lemma sym_mat_orthogonal_diagonalization:
  fixes A :: "real mat"
  assumes "A \<in> carrier_mat n n" and "sym_mat A"
  shows "\<exists>U d. U \<in> carrier_mat n n \<and> transpose_mat U * U = 1\<^sub>m n \<and> A = U * mat_diag n d * transpose_mat U"
  using assms
proof (induction n arbitrary: A)
  case 0
  then show ?case
    by (intro exI[of _ "1\<^sub>m 0"]) (auto intro!: eq_matI)
next
  case (Suc k A)
  let ?n = "Suc k"
  obtain N e B where N: "N \<in> carrier_mat ?n ?n" and NtN: "transpose_mat N * N = 1\<^sub>m ?n"
    and B: "B \<in> carrier_mat k k" "sym_mat B"
    and deflate: "transpose_mat N * A * N = four_block_mat (mat 1 1 (\<lambda>_. e)) (0\<^sub>m 1 k) (0\<^sub>m k 1) B"
    using sym_mat_deflation[OF Suc.prems] by blast
  obtain U\<^sub>B d\<^sub>B where UB: "U\<^sub>B \<in> carrier_mat k k" "transpose_mat U\<^sub>B * U\<^sub>B = 1\<^sub>m k"
    and B_eq: "B = U\<^sub>B * mat_diag k d\<^sub>B * transpose_mat U\<^sub>B"
    using Suc.IH[OF B] by blast
  define V where "V = four_block_mat (1\<^sub>m 1) (0\<^sub>m 1 k) (0\<^sub>m k 1) U\<^sub>B"
  define d where "d i = (if i = 0 then e else d\<^sub>B (i - 1))" for i
  have V: "V \<in> carrier_mat ?n ?n" and VtV: "transpose_mat V * V = 1\<^sub>m ?n"
    using one_block_orthogonal_congruence(1,2)[OF UB] unfolding V_def by auto
  have VDV: "V * mat_diag ?n d * transpose_mat V = transpose_mat N * A * N"
    using one_block_orthogonal_congruence(3)[OF UB, of e d\<^sub>B] unfolding deflate B_eq V_def d_def .
  have "N * transpose_mat N = 1\<^sub>m ?n"
    using mat_mult_left_right_inverse[OF _ N NtN] N by auto
  then have "A = N * (transpose_mat N * A * N) * transpose_mat N"
    using orthogonal_conjugate_cancel[of "transpose_mat N" ?n A] N Suc.prems(1) by simp
  also have "\<dots> = N * V * mat_diag ?n d * transpose_mat (N * V)"
    unfolding VDV[symmetric] using N V by (intro congruence_mult_assoc) auto
  finally have "A = N * V * mat_diag ?n d * transpose_mat (N * V)" .
  moreover have "N * V \<in> carrier_mat ?n ?n"
    using N V by simp
  ultimately show ?case
    using orthogonal_mat_mult[OF N V NtN VtV] by blast
qed

section \<open>Inverse square roots of positive definite matrices\<close>

lemma dim_mat_diag [simp]: "dim_row (mat_diag n d) = n" "dim_col (mat_diag n d) = n"
  by (simp_all add: mat_diag_def)

lemma sym_mat_diag: "sym_mat (mat_diag n d)"
  unfolding sym_mat_def mat_diag_def by (intro eq_matI) auto

lemma index_mat_diag_mult_vec:
  fixes x :: "real vec"
  assumes x: "x \<in> carrier_vec n" and i: "i < n"
  shows "(mat_diag n d *\<^sub>v x) $ i = d i * x $ i"
proof -
  have "(mat_diag n d *\<^sub>v x) $ i = (\<Sum>j<n. (if i = j then d j else 0) * x $ j)"
    using x i by (simp add: mat_diag_def scalar_prod_def atLeast0LessThan)
  also have "\<dots> = (\<Sum>j<n. if j = i then d i * x $ i else 0)"
    by (rule sum.cong) auto
  finally show ?thesis
    using i by simp
qed

lemma quadratic_form_mat_diag:
  fixes x :: "real vec"
  assumes x: "x \<in> carrier_vec n"
  shows "x \<bullet> (mat_diag n d *\<^sub>v x) = (\<Sum>j<n. d j * (x $ j)\<^sup>2)"
proof -
  have "x \<bullet> (mat_diag n d *\<^sub>v x) = (\<Sum>j<n. x $ j * (mat_diag n d *\<^sub>v x) $ j)"
    by (simp only: scalar_prod_def dim_mult_mat_vec dim_mat_diag atLeast0LessThan)
  also have "\<dots> = (\<Sum>j<n. d j * (x $ j)\<^sup>2)"
    using x by (intro sum.cong) (auto simp: index_mat_diag_mult_vec power2_eq_square
        simp del: index_mult_mat_vec)
  finally show ?thesis .
qed

lemma posdef_mat_diag:
  assumes pos: "\<And>i. i < n \<Longrightarrow> d i > 0"
  shows "posdef_mat (mat_diag n d)"
  unfolding posdef_mat_def
proof (intro ballI impI)
  fix x :: "real vec"
  assume "x \<in> carrier_vec (dim_col (mat_diag n d))" and "x \<noteq> 0\<^sub>v (dim_col (mat_diag n d))"
  then have x: "x \<in> carrier_vec n" and x0: "x \<noteq> 0\<^sub>v n"
    by (auto simp: mat_diag_def)
  obtain i where i: "i < n" "x $ i \<noteq> 0"
    using x x0 by (metis carrier_vecD eq_vecI index_zero_vec(1,2))
  have "x \<bullet> (mat_diag n d *\<^sub>v x) = (\<Sum>j<n. d j * (x $ j)\<^sup>2)"
    using x by (rule quadratic_form_mat_diag)
  also have "\<dots> > 0"
  proof (rule sum_pos2[of _ i])
    show "0 \<le> d j * (x $ j)\<^sup>2" if "j \<in> {..<n}" for j
      using pos[of j] that by simp
  qed (use i pos in auto)
  finally show "x \<bullet> (mat_diag n d *\<^sub>v x) > 0" .
qed
lemma components_diff_hyperplanes_eq_side_cell:
  assumes S: "convex S" and R: "finite R" "\<forall>H\<in>R. affine_hyperplane H"
    and C: "C \<in> components (S - \<Union>R)" and p: "p \<in> C"
  shows "C = S \<inter> side_cell R p"
proof
  have pS: "p \<in> S - \<Union>R" using C p in_components_subset by blast
  show "S \<inter> side_cell R p \<subseteq> C"
  proof (rule components_maximal[OF C])
    show "connected (S \<inter> side_cell R p)"
      by (intro convex_connected convex_Int S convex_side_cell)
    show "S \<inter> side_cell R p \<subseteq> S - \<Union> R"
      unfolding side_cell_def using R(2) mem_affine_hyperplane_iff by fastforce
    have "p \<in> S \<inter> side_cell R p"
      using pS R(2) mem_affine_hyperplane_iff unfolding side_cell_def
      by (fastforce simp: zero_less_mult_iff)
    then show "C \<inter> (S \<inter> side_cell R p) \<noteq> {}" using p by blast
  qed
  show "C \<subseteq> S \<inter> side_cell R p"
  proof
    fix x assume x: "x \<in> C"
    have xS: "x \<in> S - \<Union>R" using C x in_components_subset by blast
    have "0 < hp_level H x * hp_level H p" if "H \<in> R" for H
      using connected_same_side[OF in_components_connected[OF C] _ _ x p] that R(2)
        in_components_subset[OF C] by blast
    then show "x \<in> S \<inter> side_cell R p" using xS unfolding side_cell_def by blast
  qed
qed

What the task asks >>
Go through the data above and copy each line in which "bullet" appears.

Reply >>
  shows "x \<bullet> (mat_diag n d *\<^sub>v x) = (\<Sum>j<n. d j * (x $ j)\<^sup>2)"
  have "x \<bullet> (mat_diag n d *\<^sub>v x) = (\<Sum>j<n. x $ j * (mat_diag n d *\<^sub>v x) $ j)"
  have "x \<bullet> (mat_diag n d *\<^sub>v x) = (\<Sum>j<n. d j * (x $ j)\<^sup>2)"
  finally show "x \<bullet> (mat_diag n d *\<^sub>v x) > 0" .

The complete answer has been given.